XIII

LÈVRES CLOSES


Le soleil brille sur le canaletto, colorant les murs des premières maisons du Ghetto. Sur le pont de marbre des femmes passent, sveltes, avec leur long châle, ce châle qui leur donne l’air d’hirondelles d’eau. À la station du vapore, assis sur les degrés d’un piédestal d’où sourit une vierge, des gondoliers fument et c’est la nonchalance exquise, déjà d’orient. Le palais Labia avec son companile, l’église San Geremia se tigrent à la lumière d’ombres bleues et grises qui font songer à de vieux bronzes. Une des fenêtres du palais est toute ornée de fleurs, de fleurs mélancoliques et pâles, de fleurs d’automne. C’est là qu’elle souffre, c’est là qu’elle dort. Le soleil a dû caresser sa tête, ses lèvres fines que la mort va pâlir. On ne dirait pas que la mort est si proche. Il fait si bleu, si calme. De son lit elle voit tout cela, le ciel clair, les pigeons qui volent, les gens qui passent. Ce n’est pas la tombe qui se creuse, c’est l’infini qui s’ouvre, pareil à une fleur précieuse, en souriant.

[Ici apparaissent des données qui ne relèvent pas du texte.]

(* Let $p\ge0$ be a fixed integer. Let $V:S^1\to\mathbb{R}$ be of class $C^{k-1,1}(S^1)$ with $k\ge 2p+1$, let $\phi(\theta)=e^{-V(\theta)}$, and let $\pi_n$ be the monic degree-$n$ orthogonal polynomial with respect to $\phi$ on the unit circle. Then \[ \lim_{n\to\infty}\frac{1}{n^p}\cdot\frac{\|\pi_n^{(p)}\|_\phi}{\|\pi_n\|_\phi}=1. \]
   Context: $C^{k-1,1}(S^1)$ denotes functions on the circle whose $2\pi$-periodic extension has $k-1$ Lipschitz continuous derivatives. The inner product is $\langle f,g\rangle_\phi=\frac{1}{2\pi}\int_{-\pi}^{\pi}f(e^{i\theta})\overline{g(e^{i\theta})}\phi(\theta)\,d\theta$, $\|f\|_\phi=\langle f,f\rangle_\phi^{1/2}$, and $\pi_n$ is the monic degree-$n$ polynomial orthogonal to all polynomials of lower degree; $\pi_n^{(p)}$ is its $p$-th derivative. *)

theory Defs
  imports "HOL-Analysis.Analysis" "HOL-Computational_Algebra.Polynomial"
begin

text \<open>A function on the circle is represented by its 2pi-periodic extension to the real line.
  Class C^{k-1,1}: periodic, k-1 times differentiable, with Lipschitz (k-1)-th derivative.\<close>
definition C_lip_periodic :: "nat \<Rightarrow> (real \<Rightarrow> real) \<Rightarrow> bool" where
  "C_lip_periodic k V \<longleftrightarrow>
     (\<forall>\<theta>. V (\<theta> + 2 * pi) = V \<theta>) \<and>
     (\<exists>D :: nat \<Rightarrow> real \<Rightarrow> real. D 0 = V \<and>
        (\<forall>j < k - 1. \<forall>x. (D j has_real_derivative D (Suc j) x) (at x)) \<and>
        (\<exists>L. \<forall>x y. \<bar>D (k - 1) x - D (k - 1) y\<bar> \<le> L * \<bar>x - y\<bar>))"

definition ip_phi :: "(real \<Rightarrow> real) \<Rightarrow> complex poly \<Rightarrow> complex poly \<Rightarrow> complex" where
  "ip_phi \<phi> f g = integral {-pi..pi}
      (\<lambda>\<theta>. poly f (cis \<theta>) * cnj (poly g (cis \<theta>)) * complex_of_real (\<phi> \<theta>)) / (2 * pi)"

definition norm_phi :: "(real \<Rightarrow> real) \<Rightarrow> complex poly \<Rightarrow> real" where
  "norm_phi \<phi> f = sqrt (Re (ip_phi \<phi> f f))"

definition OPUC :: "(real \<Rightarrow> real) \<Rightarrow> nat \<Rightarrow> complex poly" where
  "OPUC \<phi> n = (THE P. degree P = n \<and> lead_coeff P = 1 \<and>
                      (\<forall>q. degree q < n \<longrightarrow> ip_phi \<phi> P q = 0))"

end

theory Submission
  imports Defs
begin

text \<open>
  Write \<open>P = \<pi>\<^sub>n\<close> and \<open>\<parallel>\<cdot>\<parallel>\<close> for the norm weighted by \<open>e\<^sup>-\<^sup>V\<close>. The polynomial
  \<open>q = z P' - n P\<close> has degree \<open>< n\<close>, so \<open>\<parallel>q\<parallel>\<^sup>2 = \<langle>z P', q\<rangle>\<close>. On the circle \<open>z d/dz = -\<i> d/d\<theta>\<close>;
  integrating by parts against \<open>e\<^sup>-\<^sup>V\<close> gives \<open>\<langle>z P', q\<rangle> = \<langle>P, z q'\<rangle> - \<i> \<langle>V' P, q\<rangle>\<close>, and
  \<open>\<langle>P, z q'\<rangle> = 0\<close> since \<open>z q'\<close> has degree \<open>< n\<close> as well. Hence \<open>\<parallel>z P' - n P\<parallel> \<le> max \<bar>V'\<bar> \<parallel>P\<parallel>\<close>.
  Applying \<open>z d/dz - j\<close> repeatedly and controlling \<open>z d/dz\<close> on polynomials of degree \<open>\<le> n\<close>
  by Bernstein's inequality \<open>\<parallel>z f'\<parallel> \<le> C n \<parallel>f\<parallel>\<close>, one gets
  \<open>\<parallel>z\<^sup>p P\<^sup>(\<^sup>p\<^sup>) - n(n-1)\<cdots>(n-p+1) P\<parallel> = O(n\<^sup>p\<^sup>-\<^sup>1) \<parallel>P\<parallel>\<close>; finally \<open>\<bar>z\<^sup>p\<bar> = 1\<close> on the circle.
\<close>

section \<open>The weighted inner product on the circle\<close>

definition ip_integrand :: "(real \<Rightarrow> real) \<Rightarrow> complex poly \<Rightarrow> complex poly \<Rightarrow> real \<Rightarrow> complex" where
  "ip_integrand \<phi> f g \<theta> = poly f (cis \<theta>) * cnj (poly g (cis \<theta>)) * complex_of_real (\<phi> \<theta>)"

definition sqnorm_phi :: "(real \<Rightarrow> real) \<Rightarrow> complex poly \<Rightarrow> real" where
  "sqnorm_phi \<phi> f = Re (ip_phi \<phi> f f)"

lemma ip_phi_eq_integral: "ip_phi \<phi> f g = integral {-pi..pi} (ip_integrand \<phi> f g) / (2 * pi)"
  unfolding ip_phi_def ip_integrand_def ..

lemma norm_phi_eq_sqrt_sqnorm: "norm_phi \<phi> f = sqrt (sqnorm_phi \<phi> f)"
  unfolding norm_phi_def sqnorm_phi_def ..

lemma integrable_ip_integrand:
  "continuous_on {-pi..pi} \<phi> \<Longrightarrow> ip_integrand \<phi> f g integrable_on {-pi..pi}"
  unfolding ip_integrand_def
  by (intro integrable_continuous_interval continuous_intros continuous_on_of_real)

lemma ip_phi_self_eq_integral:
  assumes "continuous_on {-pi..pi} \<phi>"
  shows "ip_phi \<phi> f f =
    complex_of_real (integral {-pi..pi} (\<lambda>\<theta>. (cmod (poly f (cis \<theta>)))\<^sup>2 * \<phi> \<theta>) / (2 * pi))"
proof -
  have "ip_integrand \<phi> f f = (\<lambda>\<theta>. complex_of_real ((cmod (poly f (cis \<theta>)))\<^sup>2 * \<phi> \<theta>))"
    unfolding ip_integrand_def fun_eq_iff of_real_mult complex_norm_square[symmetric] by simp
  moreover have "(\<lambda>\<theta>. (cmod (poly f (cis \<theta>)))\<^sup>2 * \<phi> \<theta>) integrable_on {-pi..pi}"
    by (intro integrable_continuous_interval continuous_intros assms)
  ultimately have "integral {-pi..pi} (ip_integrand \<phi> f f) =
      complex_of_real (integral {-pi..pi} (\<lambda>\<theta>. (cmod (poly f (cis \<theta>)))\<^sup>2 * \<phi> \<theta>))"
    by (metis has_integral_of_real integrable_integral integral_unique)
  then show ?thesis
    unfolding ip_phi_eq_integral by simp
qed

lemma sqnorm_phi_eq_integral:
  "continuous_on {-pi..pi} \<phi> \<Longrightarrow>
    sqnorm_phi \<phi> f = integral {-pi..pi} (\<lambda>\<theta>. (cmod (poly f (cis \<theta>)))\<^sup>2 * \<phi> \<theta>) / (2 * pi)"
  unfolding sqnorm_phi_def by (simp add: ip_phi_self_eq_integral)

lemma sqnorm_phi_mono_weight:
  assumes "continuous_on {-pi..pi} \<phi>" "continuous_on {-pi..pi} \<psi>"
    and "\<And>\<theta>. \<theta> \<in> {-pi..pi} \<Longrightarrow> \<phi> \<theta> \<le> c * \<psi> \<theta>"
  shows "sqnorm_phi \<phi> f \<le> c * sqnorm_phi \<psi> f"
proof -
  have "integral {-pi..pi} (\<lambda>\<theta>. (cmod (poly f (cis \<theta>)))\<^sup>2 * \<phi> \<theta>)
      \<le> integral {-pi..pi} (\<lambda>\<theta>. c * ((cmod (poly f (cis \<theta>)))\<^sup>2 * \<psi> \<theta>))"
  proof (intro integral_le integrable_continuous_interval continuous_intros assms(1,2))
    fix \<theta> :: real assume "\<theta> \<in> {-pi..pi}"
    from mult_left_mono[OF assms(3)[OF this], of "(cmod (poly f (cis \<theta>)))\<^sup>2"]
    show "(cmod (poly f (cis \<theta>)))\<^sup>2 * \<phi> \<theta> \<le> c * ((cmod (poly f (cis \<theta>)))\<^sup>2 * \<psi> \<theta>)"
      by (simp add: algebra_simps)
  qed
  then show ?thesis
    using assms(1,2) by (simp add: sqnorm_phi_eq_integral divide_right_mono)
qed

locale circle_weight =
  fixes \<phi> :: "real \<Rightarrow> real"
  assumes continuous_weight: "continuous_on {-pi..pi} \<phi>"
begin

lemma ip_phi_add_left: "ip_phi \<phi> (f + g) h = ip_phi \<phi> f h + ip_phi \<phi> g h"
proof -
  have "ip_integrand \<phi> (f + g) h = (\<lambda>\<theta>. ip_integrand \<phi> f h \<theta> + ip_integrand \<phi> g h \<theta>)"
    by (auto simp: ip_integrand_def algebra_simps fun_eq_iff)
  then show ?thesis
    unfolding ip_phi_eq_integral
    by (simp add: integral_add integrable_ip_integrand[OF continuous_weight] add_divide_distrib)
qed

lemma ip_phi_add_right: "ip_phi \<phi> h (f + g) = ip_phi \<phi> h f + ip_phi \<phi> h g"
proof -
  have "ip_integrand \<phi> h (f + g) = (\<lambda>\<theta>. ip_integrand \<phi> h f \<theta> + ip_integrand \<phi> h g \<theta>)"
    by (auto simp: ip_integrand_def algebra_simps fun_eq_iff)
  then show ?thesis
    unfolding ip_phi_eq_integral
    by (simp add: integral_add integrable_ip_integrand[OF continuous_weight] add_divide_distrib)
qed

lemma ip_phi_smult_left: "ip_phi \<phi> (smult c f) h = c * ip_phi \<phi> f h"
proof -
  have "ip_integrand \<phi> (smult c f) h = (\<lambda>\<theta>. c * ip_integrand \<phi> f h \<theta>)"
    by (auto simp: ip_integrand_def algebra_simps fun_eq_iff)
  then show ?thesis unfolding ip_phi_eq_integral by simp
qed

lemma ip_phi_smult_right: "ip_phi \<phi> h (smult c f) = cnj c * ip_phi \<phi> h f"
proof -
  have "ip_integrand \<phi> h (smult c f) = (\<lambda>\<theta>. cnj c * ip_integrand \<phi> h f \<theta>)"
    by (auto simp: ip_integrand_def algebra_simps fun_eq_iff)
  then show ?thesis unfolding ip_phi_eq_integral by simp
qed

lemma ip_phi_cnj: "ip_phi \<phi> g f = cnj (ip_phi \<phi> f g)"
proof -
  have "ip_integrand \<phi> g f = (\<lambda>\<theta>. cnj (ip_integrand \<phi> f g \<theta>))"
    by (auto simp: ip_integrand_def algebra_simps fun_eq_iff)
  then show ?thesis unfolding ip_phi_eq_integral by (simp add: integral_cnj)
qed

lemma ip_phi_0_left [simp]: "ip_phi \<phi> 0 h = 0"
  using ip_phi_smult_left[of 0 0 h] by simp

lemma ip_phi_0_right [simp]: "ip_phi \<phi> h 0 = 0"
  using ip_phi_smult_right[of h 0 0] by simp

lemma ip_phi_diff_left: "ip_phi \<phi> (f - g) h = ip_phi \<phi> f h - ip_phi \<phi> g h"
  using ip_phi_add_left[of f "- g" h] ip_phi_smult_left[of "- 1" g h] by simp

lemma ip_phi_sum_left: "ip_phi \<phi> (\<Sum>i\<in>A. f i) h = (\<Sum>i\<in>A. ip_phi \<phi> (f i) h)"
  by (induction A rule: infinite_finite_induct) (auto simp: ip_phi_add_left)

Jacques est arrivé à quatre heures du matin. Dans la ville silencieuse, l’eau elle-même ne remuait plus. Quelques étoiles pâlissaient. Une voix pleurait au loin une mélopée ardente et triste, mais rien n’était changé depuis son départ. Et cependant Venise n’était plus la même. Avide de retrouver ses sensations, Liéven avait pris une gondole et le batelier le conduisit par le grand canal jusqu’aux jardins. Les jardins où jadis la musique éclatait joyeuse, les jardins étaient muets et semblaient une cage sans oiseaux. Lorsqu’il revint en prolongeant par une large courbe vers le Lido, l’immobilité l’effraya. Un instant des clameurs étranges retentirent. On aurait cru des plaintes entrecoupées par des larmes ou le son épeuré d’un clavecin… L’homme que Jacques interrogeait répondit en se signant : Les folles… monsieur, ce sont les folles de l’asile San Clémente.

Et Jacques en retournant vers la ville éclairée par les premiers feux de l’aurore, ne s’était pas éveillé de son rêve, et dans son cœur écoutait gémir cette plainte, infiniment.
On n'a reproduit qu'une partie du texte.